* _Exercise prompt_
Every line below that holds the word "proof" counts once; please tally them and give only the total.

Collected data entries
:::::

definition comeagre :: "'a topology \<Rightarrow> 'a set \<Rightarrow> bool" where
  "comeagre X S \<longleftrightarrow> S \<subseteq> topspace X \<and> meagre X (topspace X - S)"

definition borel_sets :: "'a topology \<Rightarrow> 'a set set" where
  "borel_sets X = sigma_sets (topspace X) {U. openin X U}"

definition borel_map :: "'a topology \<Rightarrow> 'b topology \<Rightarrow> ('a \<Rightarrow> 'b) \<Rightarrow> bool" where
  "borel_map X Y f \<longleftrightarrow> f ` topspace X \<subseteq> topspace Y \<and>
     (\<forall>B \<in> borel_sets Y. {x \<in> topspace X. f x \<in> B} \<in> borel_sets X)"

definition baire_space :: "(nat \<Rightarrow> nat) topology" where
  "baire_space = product_topology (\<lambda>_. discrete_topology UNIV) UNIV"

definition analytic :: "'a topology \<Rightarrow> 'a set \<Rightarrow> bool" where
  "analytic X A \<longleftrightarrow> A \<subseteq> topspace X \<and>
     (A = {} \<or> (\<exists>f. continuous_map baire_space X f \<and> f ` topspace baire_space = A))"

definition categorical :: "'a topology \<Rightarrow> 'b topology \<Rightarrow> ('a \<Rightarrow> 'b) \<Rightarrow> bool" where
  "categorical X Y f \<longleftrightarrow> borel_map X Y f \<and>
     (\<forall>A. analytic X A \<and> \<not> meagre X A \<longrightarrow> \<not> meagre Y (f ` A)) \<and>
     (\<forall>A. analytic X A \<and> comeagre X A \<longrightarrow> comeagre Y (f ` A)) \<and>
     (\<forall>B. analytic Y B \<and> meagre Y B \<longrightarrow> meagre X {x \<in> topspace X. f x \<in> B}) \<and>
     (\<forall>B. analytic Y B \<and> \<not> meagre Y B \<longrightarrow> \<not> meagre X {x \<in> topspace X. f x \<in> B}) \<and>
     (\<forall>B. analytic Y B \<and> comeagre Y B \<longrightarrow> comeagre X {x \<in> topspace X. f x \<in> B})"

end

theory Submission
  imports Defs
begin

text \<open>Since \<open>C\<close> is the conjugacy class of some \<open>c\<close> with \<open>c^n \<in> C\<close>, and \<open>g \<mapsto> g^n\<close>
  commutes with conjugation, the power map sends \<open>C\<close> onto \<open>C\<close>; it is continuous as a
  polynomial in the group operations. Openness comes from an Effros-type argument: for every
  neighbourhood \<open>V\<close> of \<open>\<one>\<close> the set of conjugates of \<open>c\<close> by elements of \<open>V\<close> is nonmeagre
  (countably many translates of \<open>V\<close> cover \<open>G\<close>) and has the Baire property (it is a continuous
  image of an open subset of a Polish space), hence contains a neighbourhood of \<open>c\<close> in \<open>C\<close>;
  every equivariant self-map of \<open>C\<close> is therefore open. Finally, \<open>C\<close> is a Baire space,
  analytic subsets of \<open>C\<close> have the Baire property, and a continuous open surjection between
  such spaces preserves meagreness, nonmeagreness and comeagreness in both directions.\<close>

section \<open>Meagre sets and Baire spaces\<close>

lemma nowhere_dense_empty [simp]: "nowhere_dense X {}"
  by (simp add: nowhere_dense_def)

lemma nowhere_dense_closedin:
  assumes "closedin X F" "X interior_of F = {}" shows "nowhere_dense X F"
  using assms by (simp add: nowhere_dense_def closedin_subset closure_of_closedin)

lemma nowhere_dense_closedin_Diff_interior:
  assumes "closedin X F" shows "nowhere_dense X (F - X interior_of F)"
proof (rule nowhere_dense_closedin)
  show "closedin X (F - X interior_of F)" using assms by (simp add: closedin_diff)
  have "X interior_of (F - X interior_of F) \<subseteq> X interior_of F"
    by (simp add: interior_of_mono)
  moreover have "X interior_of (F - X interior_of F) \<subseteq> F - X interior_of F"
    by (rule interior_of_subset)
  ultimately show "X interior_of (F - X interior_of F) = {}" by blast
qed

lemma nowhere_dense_topspace_Diff_dense_openin:
  assumes "openin X U" "X closure_of U = topspace X"
  shows "nowhere_dense X (topspace X - U)"
  using assms by (intro nowhere_dense_closedin) (auto simp: interior_of_complement)

lemma meagre_subset: "meagre X S \<Longrightarrow> T \<subseteq> S \<Longrightarrow> meagre X T"
  unfolding meagre_def by blast

lemma meagre_empty [simp]: "meagre X {}"
  unfolding meagre_def by (intro conjI exI[of _ "\<lambda>_. {}"]) simp_all

lemma nowhere_dense_imp_meagre:
  assumes "nowhere_dense X S" shows "meagre X S"
  unfolding meagre_def
  by (intro conjI exI[of _ "\<lambda>_::nat. S"]) (use assms in \<open>auto simp: nowhere_dense_def\<close>)

lemma meagre_UN:
  assumes "\<And>n::nat. meagre X (S n)" shows "meagre X (\<Union>n. S n)"
proof -
  have "\<forall>n. \<exists>F. (\<forall>m::nat. nowhere_dense X (F m)) \<and> S n \<subseteq> (\<Union>m. F m)"
    using assms unfolding meagre_def by blast
  then obtain F where "\<forall>n. (\<forall>m::nat. nowhere_dense X (F n m)) \<and> S n \<subseteq> (\<Union>m. F n m)"
    by (rule choice[THEN exE])
  then have F: "\<And>n m. nowhere_dense X (F n m)" "\<And>n. S n \<subseteq> (\<Union>m. F n m)" by blast+
  define H where "H k = F (fst (prod_decode k)) (snd (prod_decode k))" for k
  have cover: "S n \<subseteq> (\<Union>k. H k)" for n
  proof
    fix x assume "x \<in> S n"
    then obtain m where "x \<in> F n m" using F(2) by blast
    then have "x \<in> H (prod_encode (n, m))" by (simp add: H_def)
    then show "x \<in> (\<Union>k. H k)" by blast
  qed
  have "nowhere_dense X (H k)" for k unfolding H_def by (rule F(1))
  moreover have "(\<Union>n. S n) \<subseteq> topspace X" using assms unfolding meagre_def by blast
  moreover have "(\<Union>n. S n) \<subseteq> (\<Union>k. H k)" using cover by blast
  ultimately show ?thesis unfolding meagre_def by (intro conjI exI[of _ H] allI)
qed

lemma meagre_Union_countable:
  assumes "countable \<S>" "\<And>S. S \<in> \<S> \<Longrightarrow> meagre X S" shows "meagre X (\<Union>\<S>)"
proof (cases "\<S> = {}")
  case False
  then have "\<Union>\<S> = (\<Union>n. from_nat_into \<S> n)" using assms(1) by (simp add: range_from_nat_into)
  moreover have "meagre X (\<Union>n. from_nat_into \<S> n)"
    by (rule meagre_UN) (simp add: False assms(2) from_nat_into)
  ultimately show ?thesis by simp
qed simp

lemma meagre_Un:
  assumes "meagre X S" "meagre X T" shows "meagre X (S \<union> T)"
proof -
  have "S \<union> T = (\<Union>n::nat. if n = 0 then S else T)" by (auto split: if_splits)
  then show ?thesis using meagre_UN[of X "\<lambda>n. if n = 0 then S else T"] assms by simp
qed

definition Baire_space :: "'a topology \<Rightarrow> bool" where
  "Baire_space X \<longleftrightarrow> (\<forall>U. openin X U \<and> meagre X U \<longrightarrow> U = {})"

lemma completely_metrizable_imp_Baire_space:
  assumes "completely_metrizable_space X" shows "Baire_space X"
  unfolding Baire_space_def
proof (intro allI impI)
  fix U assume U: "openin X U \<and> meagre X U"
  then obtain F where F: "\<And>n::nat. nowhere_dense X (F n)" "U \<subseteq> (\<Union>n. F n)"
    unfolding meagre_def by blast
  let ?K = "range (\<lambda>n. X closure_of F n)"
  have "X interior_of \<Union>?K = {}"
    by (rule Baire_category_alt) (use assms F(1) in \<open>auto simp: nowhere_dense_def\<close>)
  moreover have "U \<subseteq> \<Union>?K"
  proof
    fix x assume "x \<in> U"
    then obtain n where "x \<in> F n" using F(2) by blast
    moreover have "F n \<subseteq> X closure_of F n"
      using F(1)[of n] by (simp add: nowhere_dense_def closure_of_subset)
    ultimately show "x \<in> \<Union>?K" by blast
  qed
  ultimately show "U = {}" using U interior_of_maximal by blast
qed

:::::

* _Completed exercise_
7